Your goal: Only one span of the listing below is wanted: the lines from the one with "u) = quad_form" through the one with "unfolding u_def by", reproduced exactly, both ends kept.

Provided data:
━━━━━━━━━━━━━━━━━━━━━━━━━━━━━━

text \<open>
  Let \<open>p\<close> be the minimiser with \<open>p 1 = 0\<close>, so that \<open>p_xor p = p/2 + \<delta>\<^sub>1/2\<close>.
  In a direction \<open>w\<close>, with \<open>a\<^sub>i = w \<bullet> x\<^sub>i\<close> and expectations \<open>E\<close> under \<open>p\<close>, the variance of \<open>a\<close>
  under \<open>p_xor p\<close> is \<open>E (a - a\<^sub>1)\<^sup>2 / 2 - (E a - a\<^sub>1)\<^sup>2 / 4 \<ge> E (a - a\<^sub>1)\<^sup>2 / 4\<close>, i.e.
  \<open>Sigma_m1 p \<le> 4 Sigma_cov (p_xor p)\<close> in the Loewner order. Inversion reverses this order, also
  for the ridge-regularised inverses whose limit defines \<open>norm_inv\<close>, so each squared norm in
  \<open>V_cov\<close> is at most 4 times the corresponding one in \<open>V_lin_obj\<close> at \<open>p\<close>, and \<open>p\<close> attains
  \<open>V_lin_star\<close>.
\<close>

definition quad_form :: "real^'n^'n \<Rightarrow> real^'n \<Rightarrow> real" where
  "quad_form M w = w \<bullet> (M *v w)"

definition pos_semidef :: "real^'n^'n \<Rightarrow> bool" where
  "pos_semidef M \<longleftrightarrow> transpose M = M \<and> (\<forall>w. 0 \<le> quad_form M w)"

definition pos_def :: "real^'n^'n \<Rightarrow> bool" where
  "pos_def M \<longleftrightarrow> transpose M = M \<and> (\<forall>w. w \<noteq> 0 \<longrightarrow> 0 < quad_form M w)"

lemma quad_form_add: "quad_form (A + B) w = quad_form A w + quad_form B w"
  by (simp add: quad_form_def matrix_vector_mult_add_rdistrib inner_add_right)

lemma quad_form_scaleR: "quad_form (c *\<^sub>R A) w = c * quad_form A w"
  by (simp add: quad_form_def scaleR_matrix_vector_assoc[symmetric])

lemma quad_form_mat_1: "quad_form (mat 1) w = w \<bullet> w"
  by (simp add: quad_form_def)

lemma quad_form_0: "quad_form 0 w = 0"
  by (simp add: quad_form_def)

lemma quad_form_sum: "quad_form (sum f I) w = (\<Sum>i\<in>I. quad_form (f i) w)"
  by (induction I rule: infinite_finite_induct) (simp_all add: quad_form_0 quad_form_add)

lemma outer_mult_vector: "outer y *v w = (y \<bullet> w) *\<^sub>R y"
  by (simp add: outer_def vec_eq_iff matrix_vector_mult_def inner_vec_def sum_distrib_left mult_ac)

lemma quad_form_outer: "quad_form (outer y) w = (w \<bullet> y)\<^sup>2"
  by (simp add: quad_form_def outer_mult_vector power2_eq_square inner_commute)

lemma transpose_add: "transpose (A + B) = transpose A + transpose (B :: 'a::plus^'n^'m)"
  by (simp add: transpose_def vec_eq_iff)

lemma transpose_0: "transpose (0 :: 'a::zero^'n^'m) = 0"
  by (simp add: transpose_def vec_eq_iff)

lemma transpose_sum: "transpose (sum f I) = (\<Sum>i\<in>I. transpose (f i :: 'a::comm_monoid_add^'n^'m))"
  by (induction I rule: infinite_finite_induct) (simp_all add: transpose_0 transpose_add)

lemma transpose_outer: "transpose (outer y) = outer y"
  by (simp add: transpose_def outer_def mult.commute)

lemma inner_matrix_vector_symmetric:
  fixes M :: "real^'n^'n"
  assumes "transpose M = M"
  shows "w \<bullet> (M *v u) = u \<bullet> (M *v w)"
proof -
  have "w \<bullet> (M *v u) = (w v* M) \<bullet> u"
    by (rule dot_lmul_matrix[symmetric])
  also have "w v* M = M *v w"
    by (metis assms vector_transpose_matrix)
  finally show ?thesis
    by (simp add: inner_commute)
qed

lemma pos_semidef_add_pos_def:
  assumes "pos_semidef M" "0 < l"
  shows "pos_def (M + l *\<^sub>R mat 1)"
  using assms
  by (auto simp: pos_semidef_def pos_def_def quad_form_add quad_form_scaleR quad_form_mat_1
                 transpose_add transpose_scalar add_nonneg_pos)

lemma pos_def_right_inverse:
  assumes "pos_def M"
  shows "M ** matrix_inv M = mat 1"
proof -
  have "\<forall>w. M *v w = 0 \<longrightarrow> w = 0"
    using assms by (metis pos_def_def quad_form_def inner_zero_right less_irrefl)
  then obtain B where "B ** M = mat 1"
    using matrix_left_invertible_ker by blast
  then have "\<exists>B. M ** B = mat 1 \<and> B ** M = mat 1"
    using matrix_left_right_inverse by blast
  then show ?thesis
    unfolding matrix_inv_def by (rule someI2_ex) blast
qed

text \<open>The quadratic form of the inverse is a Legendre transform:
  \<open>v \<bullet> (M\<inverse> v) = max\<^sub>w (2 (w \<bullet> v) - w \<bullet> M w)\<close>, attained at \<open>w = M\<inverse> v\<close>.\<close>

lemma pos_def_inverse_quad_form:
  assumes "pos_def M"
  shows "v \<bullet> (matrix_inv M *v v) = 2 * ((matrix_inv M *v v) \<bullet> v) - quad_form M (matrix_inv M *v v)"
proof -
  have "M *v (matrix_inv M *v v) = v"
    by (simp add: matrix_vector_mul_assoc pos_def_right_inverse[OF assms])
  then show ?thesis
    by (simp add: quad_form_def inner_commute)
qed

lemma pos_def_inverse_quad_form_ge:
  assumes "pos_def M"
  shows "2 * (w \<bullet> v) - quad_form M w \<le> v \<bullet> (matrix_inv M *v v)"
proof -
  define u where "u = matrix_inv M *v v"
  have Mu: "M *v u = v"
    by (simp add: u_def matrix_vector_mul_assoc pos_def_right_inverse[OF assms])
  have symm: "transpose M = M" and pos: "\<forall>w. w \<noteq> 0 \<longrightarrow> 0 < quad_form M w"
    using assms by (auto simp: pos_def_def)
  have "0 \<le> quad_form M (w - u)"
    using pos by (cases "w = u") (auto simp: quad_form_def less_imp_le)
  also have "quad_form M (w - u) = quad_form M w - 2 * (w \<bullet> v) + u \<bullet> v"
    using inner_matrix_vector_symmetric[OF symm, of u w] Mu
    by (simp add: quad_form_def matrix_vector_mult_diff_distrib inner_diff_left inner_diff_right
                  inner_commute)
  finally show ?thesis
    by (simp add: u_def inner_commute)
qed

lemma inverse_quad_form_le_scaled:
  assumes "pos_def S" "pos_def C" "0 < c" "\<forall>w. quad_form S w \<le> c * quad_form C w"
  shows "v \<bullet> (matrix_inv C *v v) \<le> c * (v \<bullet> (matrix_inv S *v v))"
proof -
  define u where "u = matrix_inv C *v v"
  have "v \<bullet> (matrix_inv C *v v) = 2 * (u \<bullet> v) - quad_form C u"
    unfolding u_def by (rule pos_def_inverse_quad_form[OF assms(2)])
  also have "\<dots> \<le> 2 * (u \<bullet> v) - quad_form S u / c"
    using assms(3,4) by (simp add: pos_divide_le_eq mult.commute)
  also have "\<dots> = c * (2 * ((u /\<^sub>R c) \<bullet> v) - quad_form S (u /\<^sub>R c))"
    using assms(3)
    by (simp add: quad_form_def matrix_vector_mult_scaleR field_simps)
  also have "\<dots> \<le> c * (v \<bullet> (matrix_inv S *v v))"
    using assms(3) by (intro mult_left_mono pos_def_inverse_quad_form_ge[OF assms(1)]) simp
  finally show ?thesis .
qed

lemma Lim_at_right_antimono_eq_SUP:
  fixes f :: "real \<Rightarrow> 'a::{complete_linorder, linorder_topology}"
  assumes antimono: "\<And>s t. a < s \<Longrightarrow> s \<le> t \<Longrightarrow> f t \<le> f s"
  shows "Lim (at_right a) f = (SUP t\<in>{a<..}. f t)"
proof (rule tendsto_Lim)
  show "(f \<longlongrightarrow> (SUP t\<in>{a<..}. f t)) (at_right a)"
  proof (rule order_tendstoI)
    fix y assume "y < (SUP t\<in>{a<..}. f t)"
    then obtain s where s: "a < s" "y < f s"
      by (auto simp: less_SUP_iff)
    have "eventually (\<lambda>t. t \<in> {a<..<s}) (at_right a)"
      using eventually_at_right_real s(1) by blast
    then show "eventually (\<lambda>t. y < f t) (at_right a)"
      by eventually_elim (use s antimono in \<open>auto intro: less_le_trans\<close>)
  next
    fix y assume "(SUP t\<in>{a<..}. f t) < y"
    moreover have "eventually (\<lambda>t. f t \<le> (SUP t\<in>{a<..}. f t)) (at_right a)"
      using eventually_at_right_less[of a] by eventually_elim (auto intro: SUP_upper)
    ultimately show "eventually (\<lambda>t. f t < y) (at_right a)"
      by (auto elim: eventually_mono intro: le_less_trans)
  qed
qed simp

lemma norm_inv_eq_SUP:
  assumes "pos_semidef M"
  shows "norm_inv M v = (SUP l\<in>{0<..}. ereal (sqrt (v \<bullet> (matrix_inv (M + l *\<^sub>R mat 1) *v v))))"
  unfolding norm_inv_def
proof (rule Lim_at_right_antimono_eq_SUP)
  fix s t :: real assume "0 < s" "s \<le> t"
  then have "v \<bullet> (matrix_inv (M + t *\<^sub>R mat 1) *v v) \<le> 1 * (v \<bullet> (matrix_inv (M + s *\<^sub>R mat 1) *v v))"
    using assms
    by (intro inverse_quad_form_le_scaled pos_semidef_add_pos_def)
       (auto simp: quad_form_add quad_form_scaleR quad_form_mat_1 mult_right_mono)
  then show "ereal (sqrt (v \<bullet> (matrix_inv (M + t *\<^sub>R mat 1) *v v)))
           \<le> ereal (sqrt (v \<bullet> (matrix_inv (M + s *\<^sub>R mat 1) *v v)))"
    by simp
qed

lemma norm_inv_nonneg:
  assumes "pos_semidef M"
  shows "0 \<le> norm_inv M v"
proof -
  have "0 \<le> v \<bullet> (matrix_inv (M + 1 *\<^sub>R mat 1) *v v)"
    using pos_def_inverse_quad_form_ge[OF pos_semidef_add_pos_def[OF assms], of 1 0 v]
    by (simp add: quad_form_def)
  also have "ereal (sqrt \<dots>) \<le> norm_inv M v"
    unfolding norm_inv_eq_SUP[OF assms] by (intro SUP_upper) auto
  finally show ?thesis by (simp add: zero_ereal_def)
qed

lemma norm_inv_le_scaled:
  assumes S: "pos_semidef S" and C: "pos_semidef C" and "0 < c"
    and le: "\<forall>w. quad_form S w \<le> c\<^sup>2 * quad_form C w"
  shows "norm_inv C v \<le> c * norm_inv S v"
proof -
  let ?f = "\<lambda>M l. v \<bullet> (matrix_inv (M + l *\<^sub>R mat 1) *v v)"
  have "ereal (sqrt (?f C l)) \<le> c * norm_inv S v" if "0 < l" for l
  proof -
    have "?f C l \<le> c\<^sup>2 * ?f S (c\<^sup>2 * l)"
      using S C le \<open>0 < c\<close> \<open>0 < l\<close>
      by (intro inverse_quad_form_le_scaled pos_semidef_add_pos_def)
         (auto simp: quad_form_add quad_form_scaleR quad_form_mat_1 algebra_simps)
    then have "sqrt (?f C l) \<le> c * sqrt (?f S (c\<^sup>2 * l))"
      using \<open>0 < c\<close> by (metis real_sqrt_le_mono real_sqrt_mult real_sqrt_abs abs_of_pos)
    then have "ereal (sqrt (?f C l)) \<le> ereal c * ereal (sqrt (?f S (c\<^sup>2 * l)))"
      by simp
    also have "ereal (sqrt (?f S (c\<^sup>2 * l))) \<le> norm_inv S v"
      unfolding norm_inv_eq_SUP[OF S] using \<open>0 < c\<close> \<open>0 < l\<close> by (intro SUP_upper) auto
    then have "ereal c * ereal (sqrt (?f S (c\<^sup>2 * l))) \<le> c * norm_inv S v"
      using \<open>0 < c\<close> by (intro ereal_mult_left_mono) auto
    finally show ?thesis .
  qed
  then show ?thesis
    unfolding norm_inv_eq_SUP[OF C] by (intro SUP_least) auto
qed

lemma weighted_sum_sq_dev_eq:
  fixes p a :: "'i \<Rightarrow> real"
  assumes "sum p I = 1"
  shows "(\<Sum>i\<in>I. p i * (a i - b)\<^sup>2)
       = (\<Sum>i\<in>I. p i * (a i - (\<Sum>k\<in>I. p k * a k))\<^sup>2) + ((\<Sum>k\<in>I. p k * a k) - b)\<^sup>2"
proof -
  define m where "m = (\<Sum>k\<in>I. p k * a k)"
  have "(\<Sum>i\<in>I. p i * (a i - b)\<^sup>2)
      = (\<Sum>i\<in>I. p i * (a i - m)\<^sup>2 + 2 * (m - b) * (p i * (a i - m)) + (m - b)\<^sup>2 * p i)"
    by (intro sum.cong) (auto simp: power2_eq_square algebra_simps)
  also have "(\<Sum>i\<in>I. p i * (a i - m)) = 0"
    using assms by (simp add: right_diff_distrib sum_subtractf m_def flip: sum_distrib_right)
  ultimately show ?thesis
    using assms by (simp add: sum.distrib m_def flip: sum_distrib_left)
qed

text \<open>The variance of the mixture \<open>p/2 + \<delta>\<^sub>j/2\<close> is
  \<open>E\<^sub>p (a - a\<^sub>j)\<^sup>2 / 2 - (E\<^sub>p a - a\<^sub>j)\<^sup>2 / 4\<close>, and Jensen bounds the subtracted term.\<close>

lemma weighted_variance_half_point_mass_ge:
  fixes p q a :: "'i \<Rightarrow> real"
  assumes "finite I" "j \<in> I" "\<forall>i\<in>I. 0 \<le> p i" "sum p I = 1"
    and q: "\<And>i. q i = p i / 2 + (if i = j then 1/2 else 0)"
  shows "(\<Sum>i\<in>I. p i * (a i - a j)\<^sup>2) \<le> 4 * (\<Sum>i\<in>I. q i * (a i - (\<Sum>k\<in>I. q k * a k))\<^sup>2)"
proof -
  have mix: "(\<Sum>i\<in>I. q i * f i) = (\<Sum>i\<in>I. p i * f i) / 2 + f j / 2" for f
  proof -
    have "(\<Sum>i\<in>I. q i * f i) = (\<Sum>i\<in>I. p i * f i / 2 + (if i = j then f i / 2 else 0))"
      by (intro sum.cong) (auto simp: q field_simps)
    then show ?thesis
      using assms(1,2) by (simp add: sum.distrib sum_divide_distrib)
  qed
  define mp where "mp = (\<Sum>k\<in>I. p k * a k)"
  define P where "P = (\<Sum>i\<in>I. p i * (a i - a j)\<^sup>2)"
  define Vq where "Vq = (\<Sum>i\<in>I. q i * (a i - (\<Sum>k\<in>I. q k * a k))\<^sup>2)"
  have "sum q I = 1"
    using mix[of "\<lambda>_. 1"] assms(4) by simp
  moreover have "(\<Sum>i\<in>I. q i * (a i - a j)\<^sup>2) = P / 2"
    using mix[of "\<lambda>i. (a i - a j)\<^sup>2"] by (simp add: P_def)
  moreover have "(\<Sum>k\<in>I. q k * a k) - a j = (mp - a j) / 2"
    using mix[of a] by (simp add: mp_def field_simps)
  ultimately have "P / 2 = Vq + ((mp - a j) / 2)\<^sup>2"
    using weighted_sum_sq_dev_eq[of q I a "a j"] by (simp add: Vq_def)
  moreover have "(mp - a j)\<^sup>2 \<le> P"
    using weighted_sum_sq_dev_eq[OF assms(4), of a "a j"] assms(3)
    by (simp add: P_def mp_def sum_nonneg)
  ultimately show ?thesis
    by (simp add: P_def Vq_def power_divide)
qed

━━━━━━━━━━━━━━━━━━━━━━━━━━━━━━

Solution to the problem:
  also have "quad_form M (w - u) = quad_form M w - 2 * (w \<bullet> v) + u \<bullet> v"
    using inner_matrix_vector_symmetric[OF symm, of u w] Mu
    by (simp add: quad_form_def matrix_vector_mult_diff_distrib inner_diff_left inner_diff_right
                  inner_commute)
  finally show ?thesis
    by (simp add: u_def inner_commute)
qed

lemma inverse_quad_form_le_scaled:
  assumes "pos_def S" "pos_def C" "0 < c" "\<forall>w. quad_form S w \<le> c * quad_form C w"
  shows "v \<bullet> (matrix_inv C *v v) \<le> c * (v \<bullet> (matrix_inv S *v v))"
proof -
  define u where "u = matrix_inv C *v v"
  have "v \<bullet> (matrix_inv C *v v) = 2 * (u \<bullet> v) - quad_form C u"
    unfolding u_def by (rule pos_def_inverse_quad_form[OF assms(2)])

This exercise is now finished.